Reprocessing WEEE to recover the valuable metals is not a simple task. WEEE is a heterogeneous mixture of metallic and non-metallic fractions, where the components containing valuable metals are strongly bonded to other components that may have little or no value [7, 8]. Furthermore, common electronic devices may include lead, mercury, and arsenic, which are hazardous elements. Proper management of e-waste is, therefore, a must, as it can pollute ground water, acidify the soil, generate toxic fumes and gases in burning, accumulate in municipal disposal areas, and release carcinogenic substances [9].

Waste-printed circuit boards (WPCBs) are an important part of WEEE: they account for 2–3% of its total mass [4, 10]. WPCBs consist mostly of nonconductive insulator materials and several metals, such as copper and precious metals (PMs). The concentrations of PMs, specifically gold, silver, platinum, and palladium, in WPCBs can be considerably higher than in their primary sources [11]. Moreover, as primary precious metal resources are steadily depleting, the demand for these metals is growing in many sectors. Therefore, recycling of precious metals from WPCBs is of significant interest. The value of precious metals comprises 80% of the value of scrap electronic devices, despite their small quantities [12]. For these reasons, manufacturers, environmental agencies, and governments around the globe are attempting to find systematic and environmentally sustainable ways of recycling precious metals from WPCBs.

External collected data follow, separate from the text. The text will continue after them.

(* Let $G$ and $H$ be finite groups, $U\leq G\times H$ a subdirect product, and $A$ an abelian group satisfying the Hypothesis for a set of primes $\pi$ which contains every prime divisor of $|G|$ and $|H|$. Then the natural restriction map $\rho:\mathrm{Hom}(G\times H,A)\to\mathrm{Hom}(U,A)$ is surjective if and only if $G'\cap k_1(U)=k_1(U')$, or equivalently if and only if $H'\cap k_2(U)=k_2(U')$.
   Context: For $U\leq G\times H$: $p_1(U)=\{g:\exists h,(g,h)\in U\}$, $p_2(U)=\{h:\exists g,(g,h)\in U\}$, $k_1(U)=\{g:(g,1)\in U\}$, $k_2(U)=\{h:(1,h)\in U\}$; $U$ is a subdirect product if $p_1(U)=G$, $p_2(U)=H$. $X'$ denotes the commutator subgroup of a group $X$. An abelian group $A$ satisfies the Hypothesis (with set of primes $\pi$) if there is a unique set of primes $\pi$ such that for every $n\in\mathbb{N}$ the $n$-torsion part of $A$ is cyclic of order $n_\pi$ (the $\pi$-part of $n$). *)

theory Defs
  imports "HOL-Algebra.Algebra" "HOL-Computational_Algebra.Primes"
begin

definition pi_part :: "nat set \<Rightarrow> nat \<Rightarrow> nat" where
  "pi_part \<pi> n = (\<Prod>p\<in>prime_factors n \<inter> \<pi>. p ^ multiplicity p n)"

definition torsion_part :: "('a, 'b) monoid_scheme \<Rightarrow> nat \<Rightarrow> 'a set" where
  "torsion_part A n = {a \<in> carrier A. a [^]\<^bsub>A\<^esub> n = \<one>\<^bsub>A\<^esub>}"

definition satisfies_hypothesis :: "('a, 'b) monoid_scheme \<Rightarrow> nat set \<Rightarrow> bool" where
  "satisfies_hypothesis A \<pi> \<longleftrightarrow> (\<forall>p\<in>\<pi>. Factorial_Ring.prime p) \<and>
     (\<forall>n::nat. n \<ge> 1 \<longrightarrow>
        cyclic_group (A\<lparr>carrier := torsion_part A n\<rparr>) \<and>
        card (torsion_part A n) = pi_part \<pi> n)"

definition k1 :: "('b, 'c) monoid_scheme \<Rightarrow> ('a \<times> 'b) set \<Rightarrow> 'a set" where
  "k1 H U = {g. (g, \<one>\<^bsub>H\<^esub>) \<in> U}"

definition k2 :: "('a, 'c) monoid_scheme \<Rightarrow> ('a \<times> 'b) set \<Rightarrow> 'b set" where
  "k2 G U = {h. (\<one>\<^bsub>G\<^esub>, h) \<in> U}"

definition subdirect :: "('a, 'c) monoid_scheme \<Rightarrow> ('b, 'd) monoid_scheme \<Rightarrow> ('a \<times> 'b) set \<Rightarrow> bool" where
  "subdirect G H U \<longleftrightarrow> subgroup U (G \<times>\<times> H) \<and> fst ` U = carrier G \<and> snd ` U = carrier H"

definition restriction_surjective ::
  "('a, 'c) monoid_scheme \<Rightarrow> ('b, 'd) monoid_scheme \<Rightarrow> ('a \<times> 'b) set \<Rightarrow> ('e, 'f) monoid_scheme \<Rightarrow> bool" where
  "restriction_surjective G H U A \<longleftrightarrow>
     (\<forall>f \<in> hom ((G \<times>\<times> H)\<lparr>carrier := U\<rparr>) A.
        \<exists>F \<in> hom (G \<times>\<times> H) A. \<forall>u\<in>U. F u = f u)"
lemma bounded_op_id_plus_op:
  assumes add: "\<And>f g. P (\<lambda>c. f c + g c) = (\<lambda>c. P f c + P g c)"
    and mult: "\<And>a f. P (\<lambda>c. a * f c) = (\<lambda>c. a * P f c)"
    and bounded: "l2_bounded K P"
  shows "bounded_op W (id_plus_op W e P)"
proof -
  let ?C = "2 + 2 * (cmod e)\<^sup>2 * K"
  have norm_le: "id_plus_op W e P f \<in> l2 W \<and> l2norm W (id_plus_op W e P f) \<le> sqrt ?C * l2norm W f"
    if "f \<in> l2 W" for f
  proof -
    from that have supp: "\<forall>c. c \<notin> CW W \<longrightarrow> f c = 0" and f: "square_summable f"
      by (auto simp: l2_iff_square_summable)
    from f bounded have Pf: "square_summable (P f)" "sqnorm (P f) \<le> K * sqnorm f"
      by (auto simp: l2_bounded_def)
    note ePf = square_summable_cmult[OF Pf(1), of e]
    have eq: "id_plus_op W e P f = (\<lambda>c. if c \<in> CW W then (f + (\<lambda>c. e * P f c)) c else 0)"
      by (auto simp: id_plus_op_def fun_eq_iff)
    note sum = square_summable_add[OF f ePf(1)]
    have "sqnorm (id_plus_op W e P f) \<le> sqnorm (f + (\<lambda>c. e * P f c))"
      unfolding eq by (rule square_summable_restrict(2)[OF sum(1)])
    also have "\<dots> \<le> 2 * sqnorm f + 2 * ((cmod e)\<^sup>2 * sqnorm (P f))"
      using sum(2) ePf(2) by simp
    also have "\<dots> \<le> ?C * sqnorm f"
      using mult_left_mono[OF Pf(2), of "(cmod e)\<^sup>2"] by (simp add: algebra_simps)
    finally have "sqrt (sqnorm (id_plus_op W e P f)) \<le> sqrt ?C * sqrt (sqnorm f)"
      by (metis real_sqrt_le_mono real_sqrt_mult)
    moreover have "id_plus_op W e P f \<in> l2 W"
      unfolding l2_iff_square_summable eq using square_summable_restrict(1)[OF sum(1)] by auto
    ultimately show ?thesis
      using supp l2norm_eq_sqrt_sqnorm l2_iff_square_summable by metis
  qed
  show ?thesis unfolding bounded_op_def
    by (intro conjI ballI allI exI[of _ "sqrt ?C"])
       (use norm_le in \<open>auto simp: id_plus_op_def add mult fun_eq_iff algebra_simps\<close>)
qed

Pyrometallurgical processes are capable of dealing with complex e-waste streams [13,14,15,16]. WPCBs, in addition to their high precious metal content, also contain more than 20% copper [17]. Considering the economic and technical aspects, copper smelting is one of the predominant routes for WPCB and e-waste recycling [18]. Copper flash smelting is a mature technology that has been studied and employed by industry for decades [19,20,21], and the combustion reactions of chalcopyrite and other sulfides in it have also been widely investigated [22,23,24,25]. WPCBs can be processed along with the primary feed of copper concentrates. However, the elemental composition of WPCBs and other e-waste is often such that it can affect the processing conditions, for instance by changing the liquidus temperature or viscosity of the slag or by making the slag more corrosive towards refractories. Another issue related to WPCB smelting is that the mix of elements in WPCB does not match that in common primary mineral concentrates, for which the smelting technology has been optimized over many years and for which a large database of information has accumulated [7, 26,27,28].

To obtain the optimal process parameters for WPCB smelting and precious metals recovery, the thermodynamics and kinetic behavior of the valuable elements and their reaction mechanisms must be known. Equilibrium research regarding the precious metal distribution between matte and different slags has been intensively carried out during the past few decades. The investigated slag systems include, for example, FeOx–CaO [29], FeOx–SiO2 [30, 31], FeOx–SiO2–MgO [32], and SiO2–CaO–FeOx–MgO [33]. The distribution characteristics have also been studied as a function of matte grade with various sulfur and oxygen potentials [34,35,36]. However, studies on the kinetic behavior of precious metals in the matte-slag system are lacking [37], and more research is urgently needed to optimize the methods to recover precious metals from WPCBs through the copper smelting process.

The time dependency of precious metal (Au, Ag, Pt, and Pd) distribution was experimentally investigated in laboratory-scale copper matte smelting conditions. The results contribute to deeper understanding of PM distribution behavior during the settling process in the flash smelting furnace (FSF) and provide guidance in finding better strategies and methods for recovering the precious and platinum group metals from e-waste via pyrometallurgical routes.

Experimental

Materials

The raw materials used in this study were industrial chalcopyrite copper concentrate, synthetic iron oxide-silica slag, and PM (Ag, Au, Pt, Pd) powders. The concentrate was provided by Boliden Harjavalta, Finland. Its chemical composition was analyzed by X-ray fluorescence (XRF) spectrometry (Malvern Panalytical B.V., Almelo, The Netherlands) and is shown in Table 1.

Table 1 Chemical composition of the copper concentrate (wt %)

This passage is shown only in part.